2. If Convicted, Feng Would Face Mandatory Minimum of 5 Years in Jail
The report explains that under federal law, anyone found to have willfully damaged the property of an organization involved in foreign commerce, shall be imprisoned for no less than five years, and no more than 20. Because the Consulate was known to give out passports, which are critical to foreign commerce, the FBI believes this statute would apply to Feng's arson.
3.The Bombing Was Captured By Surveillance Cameras
Surveillance video recorded by the cameras of a residential complex across the street from the consulate, revealed an individual with long black hair and a thin build, dark sunglasses, and a blue jacket.
4. He Turned Himself in With a 911 Call
On January 3rd, 2014, the Daly City Police department, of Daly City, California, received a call from a man claiming responsibility for the fire.

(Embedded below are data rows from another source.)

lemma adjacent_seg_type:
  assumes "adjacent_seg P a"
  obtains s t where "seg_has_type P a (seg_poly a, s) (seg_poly a, t)"
    "sides_adjacent (nverts P (seg_poly a)) s t"
proof -
  obtain e e' where "seg_has_type P a e e'" "sides_adjacent (nverts P (seg_poly a)) (snd e) (snd e')"
    using assms unfolding adjacent_seg_def by blast
  moreover have "e = (seg_poly a, snd e)" "e' = (seg_poly a, snd e')"
    using calculation(1) unfolding seg_has_type_def by (simp_all add: prod_eq_iff)
  ultimately show ?thesis using that by metis
qed

lemma maximal_adjacent_run_adjacent_seg:
  "maximal_adjacent_run P segs a r \<Longrightarrow> a \<le> j \<Longrightarrow> j < a + r \<Longrightarrow> adjacent_seg P (segs ! j)"
  unfolding maximal_adjacent_run_def by blast

lemma maximal_adjacent_run_length:
  "maximal_adjacent_run P segs a r \<Longrightarrow> a + r \<le> length segs"
  unfolding maximal_adjacent_run_def by blast

lemma run_same_type_if_same_poly:
  assumes ts: "translation_surface P sg" and p1: "P1 P" and sc: "saddle_connection P sg segs"
    and run: "maximal_adjacent_run P segs a r" and j: "a \<le> j" "Suc (Suc j) < a + r"
    and same: "seg_poly (segs ! Suc (Suc j)) = seg_poly (segs ! j)"
  shows "same_type P (segs ! j) (segs ! Suc (Suc j))"
proof -
  have len: "Suc (Suc j) < length segs" using maximal_adjacent_run_length[OF run] j by simp
  have adj: "adjacent_seg P (segs ! j)" "adjacent_seg P (segs ! Suc j)" "adjacent_seg P (segs ! Suc (Suc j))"
    using maximal_adjacent_run_adjacent_seg[OF run] j by simp_all
  obtain s1 t1 where ty1: "seg_has_type P (segs ! j) (seg_poly (segs ! j), s1) (seg_poly (segs ! j), t1)"
      "sides_adjacent (nverts P (seg_poly (segs ! j))) s1 t1"
    by (rule adjacent_seg_type[OF adj(1)])
  obtain s2 t2 where ty2: "seg_has_type P (segs ! Suc j) (seg_poly (segs ! Suc j), s2) (seg_poly (segs ! Suc j), t2)"
      "sides_adjacent (nverts P (seg_poly (segs ! Suc j))) s2 t2"
    by (rule adjacent_seg_type[OF adj(2)])
  obtain s3 t3 where ty3: "seg_has_type P (segs ! Suc (Suc j)) (seg_poly (segs ! j), s3) (seg_poly (segs ! j), t3)"
      "sides_adjacent (nverts P (seg_poly (segs ! j))) s3 t3"
    by (rule adjacent_seg_type[OF adj(3), unfolded same])
  have "s1 = s3 \<and> t1 = t3"
    using saddle_connection_adjacent_types_Suc_Suc[OF ts p1 sc len ty1 ty2 ty3] .
  then show ?thesis using ty1(1) ty3(1) by (auto simp: same_type_def)
qed

text \<open>Segments two apart of the same type leave through the same side, and they enter through
  the same side, which the gluing involution sends back to a single side.\<close>
lemma run_same_poly_shift:
  assumes ts: "translation_surface P sg" and p1: "P1 P" and sc: "saddle_connection P sg segs"
    and run: "maximal_adjacent_run P segs a r" and j: "a \<le> j" "Suc (Suc (Suc j)) < a + r"
  shows "seg_poly (segs ! Suc (Suc j)) = seg_poly (segs ! j) \<longleftrightarrow>
         seg_poly (segs ! Suc (Suc (Suc j))) = seg_poly (segs ! Suc j)"
proof
  have len: "Suc (Suc (Suc j)) < length segs" using maximal_adjacent_run_length[OF run] j by simp
  {
    assume "seg_poly (segs ! Suc (Suc j)) = seg_poly (segs ! j)"
    then obtain e e' where e: "seg_has_type P (segs ! j) e e'" "seg_has_type P (segs ! Suc (Suc j)) e e'"
      using run_same_type_if_same_poly[OF ts p1 sc run] j unfolding same_type_def by fastforce
    have "fst (sg e') = seg_poly (segs ! Suc j)" "fst (sg e') = seg_poly (segs ! Suc (Suc (Suc j)))"
      using saddle_connection_exit(2)[OF ts p1 sc _ e(1)] saddle_connection_exit(2)[OF ts p1 sc _ e(2)]
        len by auto
    then show "seg_poly (segs ! Suc (Suc (Suc j))) = seg_poly (segs ! Suc j)" by simp
  next
    assume "seg_poly (segs ! Suc (Suc (Suc j))) = seg_poly (segs ! Suc j)"
    then obtain f f' where f: "seg_has_type P (segs ! Suc j) f f'" "seg_has_type P (segs ! Suc (Suc (Suc j))) f f'"
      using run_same_type_if_same_poly[OF ts p1 sc run, of "Suc j"] j unfolding same_type_def by fastforce
    obtain e e' where e: "seg_has_type P (segs ! j) e e'"
      using maximal_adjacent_run_adjacent_seg[OF run, of j] j unfolding adjacent_seg_def by auto
    obtain g g' where g: "seg_has_type P (segs ! Suc (Suc j)) g g'"
      using maximal_adjacent_run_adjacent_seg[OF run, of "Suc (Suc j)"] j unfolding adjacent_seg_def by auto
    have "sg e' = f" "sg g' = f"
      using saddle_connection_glued_types(1)[OF ts p1 sc _ e f(1)]
        saddle_connection_glued_types(1)[OF ts p1 sc _ g f(2)] len by auto
    moreover have "is_side P e'" "is_side P g'"
      using saddle_connection_exit(1)[OF ts p1 sc _ e] saddle_connection_exit(1)[OF ts p1 sc _ g] len by auto
    ultimately have "e' = g'" using ts unfolding translation_surface_def by metis
    then show "seg_poly (segs ! Suc (Suc j)) = seg_poly (segs ! j)"
      using e g by (simp add: seg_has_type_def)
  }
qed

lemma nat_interval_propagate:
  fixes Q :: "nat \<Rightarrow> bool"
  assumes "a \<le> i" "i \<le> b" "Q i" and step: "\<And>j. a \<le> j \<Longrightarrow> j < b \<Longrightarrow> Q j \<longleftrightarrow> Q (Suc j)"
    and "a \<le> j" "j \<le> b"
  shows "Q j"
proof (cases "i \<le> j")
  case True
  then show ?thesis
    by (induction j rule: dec_induct) (use assms in auto)
next
  case False
  then have "j \<le> i" by simp
  then show ?thesis
    by (induction j rule: inc_induct) (use assms in auto)
qed

theorem mainTheorem10:
  fixes P :: "complex list list" and sg :: "nat \<times> nat \<Rightarrow> nat \<times> nat"
    and segs :: "seg list" and a r :: nat
  assumes "translation_surface P sg"
    and "P1 P" and "P2 P sg"
    and "saddle_connection P sg segs"
    and "\<not> sc_is_side P segs" and "\<not> sc_is_diagonal P segs"
    and "maximal_adjacent_run P segs a r"
    and "\<not> in_short_cylinder P segs a r"
  shows "\<forall>i. a \<le> i \<and> i + 2 < a + r \<longrightarrow>
           seg_poly (segs ! i) \<noteq> seg_poly (segs ! (i + 1)) \<and>
           seg_poly (segs ! (i + 1)) \<noteq> seg_poly (segs ! (i + 2)) \<and>
           seg_poly (segs ! i) \<noteq> seg_poly (segs ! (i + 2))"
proof (intro allI impI)
  note ts = assms(1) and p1 = assms(2) and sc = assms(4) and run = assms(7)
  fix i assume i: "a \<le> i \<and> i + 2 < a + r"
  let ?two_apart = "\<lambda>j. seg_poly (segs ! Suc (Suc j)) = seg_poly (segs ! j)"
  have "i + 2 < length segs" using i maximal_adjacent_run_length[OF run] by simp
  then have "seg_poly (segs ! i) \<noteq> seg_poly (segs ! Suc i)"
    "seg_poly (segs ! Suc i) \<noteq> seg_poly (segs ! Suc (Suc i))"
    using saddle_connection_poly_Suc_neq[OF assms(3) sc] by simp_all
  moreover have "\<not> ?two_apart i"
  proof
    assume two_apart_i: "?two_apart i"
    have "?two_apart j" if "a \<le> j" "j \<le> a + r - 3" for j
    proof (rule nat_interval_propagate[where Q = ?two_apart])
      show "a \<le> i" "i \<le> a + r - 3" "?two_apart i" using i two_apart_i by auto
      show "a \<le> j" "j \<le> a + r - 3" by (fact that)+
      fix k assume "a \<le> k" "k < a + r - 3"
      then show "?two_apart k \<longleftrightarrow> ?two_apart (Suc k)"
        using run_same_poly_shift[OF ts p1 sc run, of k] by simp
    qed
    then have "in_short_cylinder P segs a r"
      using i run_same_type_if_same_poly[OF ts p1 sc run]
      unfolding in_short_cylinder_def by (auto simp: numeral_2_eq_2)
    with assms(8) show False by contradiction
  qed
  ultimately show "seg_poly (segs ! i) \<noteq> seg_poly (segs ! (i + 1)) \<and>
      seg_poly (segs ! (i + 1)) \<noteq> seg_poly (segs ! (i + 2)) \<and>
      seg_poly (segs ! i) \<noteq> seg_poly (segs ! (i + 2))"
    by (auto simp: numeral_2_eq_2)
qed

end
lemma supnorm_contraction_limit_fixpoint:
  fixes T :: "('s::finite \<Rightarrow> real) \<Rightarrow> 's \<Rightarrow> real"
  assumes contr: "\<And>v w. supnorm (\<lambda>s. T v s - T w s) \<le> c * supnorm (\<lambda>s. v s - w s)"
    and lim: "\<And>s. (\<lambda>n. (T ^^ n) v s) \<longlonglongrightarrow> v_lim s"
  shows "T v_lim = v_lim"
proof
  fix s
  have "(\<lambda>n. supnorm (\<lambda>s. (T ^^ n) v s - v_lim s)) \<longlonglongrightarrow> 0"
    using lim by (intro tendsto_supnorm_0) (rule LIM_zero)
  then have "(\<lambda>n. T ((T ^^ n) v) s - T v_lim s) \<longlonglongrightarrow> 0"
  proof (rule tendsto_0_le[where K = c])
    have "\<bar>T ((T ^^ n) v) s - T v_lim s\<bar> \<le> supnorm (\<lambda>s. (T ^^ n) v s - v_lim s) * c" for n
      using order.trans[OF abs_le_supnorm contr] by (simp add: mult.commute)
    then show "eventually (\<lambda>n. norm (T ((T ^^ n) v) s - T v_lim s)
        \<le> norm (supnorm (\<lambda>s. (T ^^ n) v s - v_lim s)) * c) sequentially"
      by (simp add: supnorm_nonneg)
  qed
  then have "(\<lambda>n. (T ^^ Suc n) v s) \<longlonglongrightarrow> T v_lim s" by (simp add: LIM_zero_cancel)
  moreover have "(\<lambda>n. (T ^^ Suc n) v s) \<longlonglongrightarrow> v_lim s" using lim by (rule LIMSEQ_Suc)
  ultimately show "T v_lim s = v_lim s" by (rule LIMSEQ_unique)
qed

lemma supnorm_contraction_fixpoint:
  fixes T :: "('s::finite \<Rightarrow> real) \<Rightarrow> 's \<Rightarrow> real"
  assumes contr: "\<And>v w. supnorm (\<lambda>s. T v s - T w s) \<le> c * supnorm (\<lambda>s. v s - w s)"
    and "0 \<le> c" and "c < 1"
  shows "\<exists>v_fix. T v_fix = v_fix \<and> (\<forall>v s. (\<lambda>n. (T ^^ n) v s) \<longlonglongrightarrow> v_fix s)"
  using supnorm_contraction_funpow_convergent[OF assms] supnorm_contraction_limit_fixpoint[OF contr]
  by blast
lemma slow_shift_sub_idem:
  assumes "i \<noteq> j" and "monomial_space j M"
  shows "slow_shift_sub j i (slow_shift_sub j i M) = slow_shift_sub j i M"
proof -
  obtain A B where A: "ext_module.subspace A" "A \<subseteq> ext_omit j"
    and B: "ext_module.subspace B" "B \<subseteq> ext_omit j" and M: "M = wedge_sum j A B"
    using \<open>monomial_space j M\<close> unfolding monomial_space_def by blast
  let ?A' = "wedge_sum i A B" and ?B' = "B \<inter> wedge_e i -` A"
  have A': "ext_module.subspace ?A'" "?A' \<subseteq> ext_omit j"
    using A B \<open>i \<noteq> j\<close>
    by (auto simp: subspace_wedge_sum elim!: wedge_sumE
        intro!: ext_module.subspace_add[OF subspace_ext_omit] wedge_e_in_ext_omit)
  have B': "ext_module.subspace ?B'" "?B' \<subseteq> ext_omit j"
    using A B by (auto intro: ext_module.subspace_inter wedge_e.subspace_vimage)
  have "wedge_sum i ?A' ?B' = ?A'"
    using A B by (intro wedge_sum_absorb) (auto simp: ext_module.subspace_0 subspace_wedge_sum)
  moreover have "?B' \<inter> wedge_e i -` ?A' = ?B'"
    using subset_wedge_sum[OF ext_module.subspace_0[OF B(1)]] by auto
  ultimately show ?thesis
    unfolding M by (simp add: slow_shift_sub_wedge_sum A B A' B')
qed

theorem corollary3p7:
  fixes L :: "('a::field) ext set" and n k i j :: nat
  assumes char: "(2::'a) \<noteq> 0"
    and ij: "1 \<le> i" "i < j" "j \<le> n"
    and sub: "ext_subspace L" "L \<subseteq> ext_pow n k"
  shows "slow_shift_sub j i (slow_shift_sub j i (slow_shift_sub j i L))
           = slow_shift_sub j i (slow_shift_sub j i L)
         \<and> (monomial_wrt n k j L \<longrightarrow>
              slow_shift_sub j i (slow_shift_sub j i L) = slow_shift_sub j i L)"
proof -
  have "i \<noteq> j" using ij by simp
  have L: "ext_module.subspace L" using sub(1) by (simp add: ext_subspace_def)
  show ?thesis
    using slow_shift_sub_idem[OF \<open>i \<noteq> j\<close> monomial_space_slow_shift_sub[OF \<open>i \<noteq> j\<close> L]]
      slow_shift_sub_idem[OF \<open>i \<noteq> j\<close> monomial_wrt_imp_monomial_space[OF L]]
    by blast
qed

end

Through the aid of Mandarin translator,l the man said he had "made the fire" at the "Chinese embassy," and identified himself as Yan Feng.
5. Chinese State Media Had Blamed American Anti-Chinese Prejudice for Attack
China's Global Times, ran an op-ed laying blame for the consulate fire on the US government's backing of anti-Chinese sentiment, writing:
“China and its government are frequent headline-grabbers in the U.S. mainstream media. Emotionally backed by U.S. public opinion, anti-China forces are even funded by the U.S. government and some social communities. With such support, they are more audacious to take dramatic and radical actions against China.”
The op-ed also argued that the United States should have provided the consulate its own security force.